--- Supplied records ---
lemma sqrt_sq_plus_3_eq_2:
  fixes x :: real assumes "\<bar>x\<bar> = 1" shows "sqrt (x\<^sup>2 + 3) = 2"
proof -
  have "x\<^sup>2 = 1"
    using assms power2_abs[of x] by simp
  thus ?thesis
    by simp
qed

text \<open>The centres of the closed chain of n disks: the first \<lceil>n/2\<rceil> centres run to the right
  along the lower row at abscissae 0, 2, 4, ..., the remaining ones run back along the
  upper row at odd abscissae, ending at abscissa 1 next to the first centre.\<close>

definition zigzag :: "nat \<Rightarrow> nat \<Rightarrow> real^2" where
  "zigzag n i = (if i < (n + 1) div 2 then vector [2 * real i, 0]
                 else vector [2 * (real n - real i) - 1, sqrt 3])"

text \<open>Distinct centres are at distance at least 2: on a common row the abscissae are
  distinct and of equal parity, on different rows they have different parity.\<close>

lemma zigzag_separated:
  assumes "i < n" "j < n" "i \<noteq> j"
  shows "2 \<le> dist (zigzag n i) (zigzag n j)"
proof -
  have apart: "1 \<le> \<bar>real i - real j\<bar>"
    using assms(3) by (cases "i < j") auto
  have odd_gap: "1 \<le> \<bar>2 * real a - (2 * (real n - real b) - 1)\<bar>" for a b
  proof (cases "a + b < n")
    case True
    hence "real a + real b + 1 \<le> real n"
      by linarith
    thus ?thesis by (simp add: abs_if)
  next
    case False
    hence "real n \<le> real a + real b"
      by linarith
    thus ?thesis by (simp add: abs_if)
  qed
  consider "i < (n + 1) div 2" "j < (n + 1) div 2" | "\<not> i < (n + 1) div 2" "\<not> j < (n + 1) div 2"
    | "i < (n + 1) div 2" "\<not> j < (n + 1) div 2" | "\<not> i < (n + 1) div 2" "j < (n + 1) div 2"
    by blast
  thus ?thesis
  proof cases
    case 1
    thus ?thesis using apart by (simp add: zigzag_def dist_same_row)
  next
    case 2
    thus ?thesis using apart by (simp add: zigzag_def dist_same_row)
  next
    case 3
    thus ?thesis
      using sqrt_sq_plus_3_ge_2[OF odd_gap[of i j]] by (simp add: zigzag_def dist_across_rows)
  next
    case 4
    thus ?thesis
      using sqrt_sq_plus_3_ge_2[OF odd_gap[of j i]]
      by (simp add: zigzag_def dist_across_rows dist_commute)
  qed
qed

lemma zigzag_consecutive:
  assumes n: "3 \<le> n" and i: "i < n"
  shows "dist (zigzag n i) (zigzag n (Suc i mod n)) = 2"
proof -
  define m where "m = (n + 1) div 2"
  have m: "0 < m" "m < n"
    using n unfolding m_def by auto
  have low: "zigzag n k = vector [2 * real k, 0]" if "k < m" for k
    using that by (simp add: zigzag_def m_def)
  have high: "zigzag n k = vector [2 * (real n - real k) - 1, sqrt 3]" if "m \<le> k" for k
    using that by (simp add: zigzag_def m_def)
  consider "Suc i < m" | "Suc i = m" | "m \<le> i" "Suc i < n" | "Suc i = n"
    using i by linarith
  thus ?thesis
  proof cases
    case 1
    thus ?thesis using m by (simp add: low dist_same_row)
  next
    case 2
    hence "n = 2 * i + 1 \<or> n = 2 * i + 2"
      unfolding m_def by presburger
    hence "\<bar>2 * real i - (2 * (real n - real (Suc i)) - 1)\<bar> = 1"
      by auto
    thus ?thesis
      using 2 m sqrt_sq_plus_3_eq_2 by (simp add: low high dist_across_rows)
  next
    case 3
    thus ?thesis by (simp add: high dist_same_row)
  next
    case 4
    have "real n - real i = 1"
      by (simp flip: 4)
    moreover have "m \<le> i"
      using 4 m by linarith
    ultimately have "zigzag n i = vector [1, sqrt 3]"
      by (simp add: high)
    moreover have "zigzag n (Suc i mod n) = vector [0, 0]"
      using 4 m by (simp add: low)
    ultimately show ?thesis
      using sqrt_sq_plus_3_eq_2[of "-1"] by (simp add: dist_across_rows dist_commute)
  qed
qed

text \<open>The
  two points on disk i are its tangency points with disks i + 1 and i - 1 (mod n);
  that all n tangency points are distinct follows from the upper bound itself.\<close>

lemma tangent_unit_disk_cycle:
  fixes c :: "nat \<Rightarrow> real^2"
  assumes n: "3 \<le> n"
    and separated: "\<And>i j. i < n \<Longrightarrow> j < n \<Longrightarrow> i \<noteq> j \<Longrightarrow> 2 \<le> dist (c i) (c j)"
    and consecutive: "\<And>i. i < n \<Longrightarrow> dist (c i) (c (Suc i mod n)) = 2"
  shows "\<exists>P DD. finite P \<and> card P = n \<and> admissible_family P DD \<and> finite DD \<and> card DD = n"
proof -
  define succ where "succ i = Suc i mod n" for i
  define pred where "pred i = (i + n - 1) mod n" for i
  define disk where "disk i = cball (c i) 1" for i
  define touch where "touch i = midpoint (c i) (c (succ i))" for i
  define DD where "DD = disk ` {..<n}"
  define P where "P = touch ` {..<n}"
  have succ_lt: "succ i < n" and pred_lt: "pred i < n" for i
    using n by (simp_all add: succ_def pred_def)
  have succ_pred: "succ (pred i) = i" if "i < n" for i
    using that by (simp add: succ_def pred_def mod_Suc_eq)
  have succ_ne_pred: "succ i \<noteq> pred i" if "i < n" for i
  proof -
    have "succ i = (if Suc i = n then 0 else Suc i)"
      using that by (auto simp: succ_def)
    moreover have "pred i = (if i = 0 then n - 1 else i - 1)"
      using that n by (auto simp: pred_def mod_if)
    ultimately show ?thesis
      using that n by auto
  qed
  have c_inj: "c i = c j \<Longrightarrow> i = j" if "i < n" "j < n" for i j
    using separated[OF that] by fastforce
  have touch_on_circles: "touch i \<in> frontier (disk i)" "touch i \<in> frontier (disk (succ i))"
    if "i < n" for i
    using consecutive[OF that]
    by (simp_all add: touch_def disk_def succ_def frontier_cball dist_midpoint)
  have disk_inj: "inj_on disk {..<n}"
    by (rule inj_onI) (auto simp: disk_def cball_eq_cball_iff c_inj)
  have disjoint: "interior (disk i) \<inter> interior (disk j) = {}" if "i < n" "j < n" "i \<noteq> j" for i j
    using separated[OF that] by (simp add: disk_def interior_cball disjoint_ballI)
  have two_touching_points: "touch i \<noteq> touch (pred i)" if "i < n" for i
  proof
    assume "touch i = touch (pred i)"
    hence "c (succ i) = c (pred i)"
      using succ_pred[OF that] by (simp add: touch_def midpoint_eq_iff midpoint_def algebra_simps)
    thus False
      using c_inj succ_lt pred_lt succ_ne_pred[OF that] by blast
  qed
  have adm: "admissible_family P DD"
    unfolding admissible_family_def
  proof (intro conjI ballI impI)
    fix D assume "D \<in> DD"
    then obtain i where i: "i < n" "D = disk i"
      by (auto simp: DD_def)
    show "closed_disk D"
      unfolding i closed_disk_def disk_def by (intro exI[of _ "c i"] exI[of _ 1]) simp
    have "touch i \<in> frontier D" "touch (pred i) \<in> frontier D"
      using touch_on_circles(1)[OF i(1)] touch_on_circles(2)[OF pred_lt[of i]] succ_pred[OF i(1)] i(2)
      by simp_all
    moreover have "touch i \<in> P" "touch (pred i) \<in> P"
      using i(1) pred_lt by (simp_all add: P_def)
    ultimately show "\<exists>p q. p \<in> P \<and> q \<in> P \<and> p \<noteq> q \<and> p \<in> frontier D \<and> q \<in> frontier D"
      using two_touching_points[OF i(1)] by blast
  next
    fix D1 D2 assume "D1 \<in> DD" "D2 \<in> DD" "D1 \<noteq> D2"
    thus "interior D1 \<inter> interior D2 = {}"
      using disjoint by (auto simp: DD_def)
  qed
  have card_DD: "card DD = n"
    using card_image[OF disk_inj] by (simp add: DD_def)
  have "card P \<le> n"
    using card_image_le[of "{..<n}" touch] by (simp add: P_def)
  moreover have "card DD \<le> card P"
    using admissible_family_card_le[OF _ adm] by (simp add: P_def)
  ultimately show ?thesis
    using adm card_DD by (intro exI[of _ P] exI[of _ DD]) (auto simp: P_def DD_def)
qed

lemma zigzag_tangent_family:
  assumes "3 \<le> n"
  shows "\<exists>(P :: (real^2) set) DD. finite P \<and> card P = n \<and>
           admissible_family P DD \<and> finite DD \<and> card DD = n"
  by (rule tangent_unit_disk_cycle[OF assms, where c = "zigzag n"])
    (simp_all add: zigzag_separated zigzag_consecutive[OF assms])

theorem mainTheorem12:
  shows "(\<forall>(P :: (real^2) set) DD. finite P \<longrightarrow> admissible_family P DD \<longrightarrow>
            finite DD \<and> card DD \<le> card P)
       \<and> (\<forall>n::nat. n \<ge> 3 \<longrightarrow> (\<exists>(P :: (real^2) set) DD. finite P \<and> card P = n \<and>
            admissible_family P DD \<and> finite DD \<and> card DD = n))"
  using admissible_family_card_le zigzag_tangent_family by blast

end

--- Required action ---
Everything above from the line with "using succ_pred[OF that]" to the line with "i) \<in> frontier", both included, must be repeated exactly, and nothing outside that range.

--- Output of the task ---
      using succ_pred[OF that] by (simp add: touch_def midpoint_eq_iff midpoint_def algebra_simps)
    thus False
      using c_inj succ_lt pred_lt succ_ne_pred[OF that] by blast
  qed
  have adm: "admissible_family P DD"
    unfolding admissible_family_def
  proof (intro conjI ballI impI)
    fix D assume "D \<in> DD"
    then obtain i where i: "i < n" "D = disk i"
      by (auto simp: DD_def)
    show "closed_disk D"
      unfolding i closed_disk_def disk_def by (intro exI[of _ "c i"] exI[of _ 1]) simp
    have "touch i \<in> frontier D" "touch (pred i) \<in> frontier D"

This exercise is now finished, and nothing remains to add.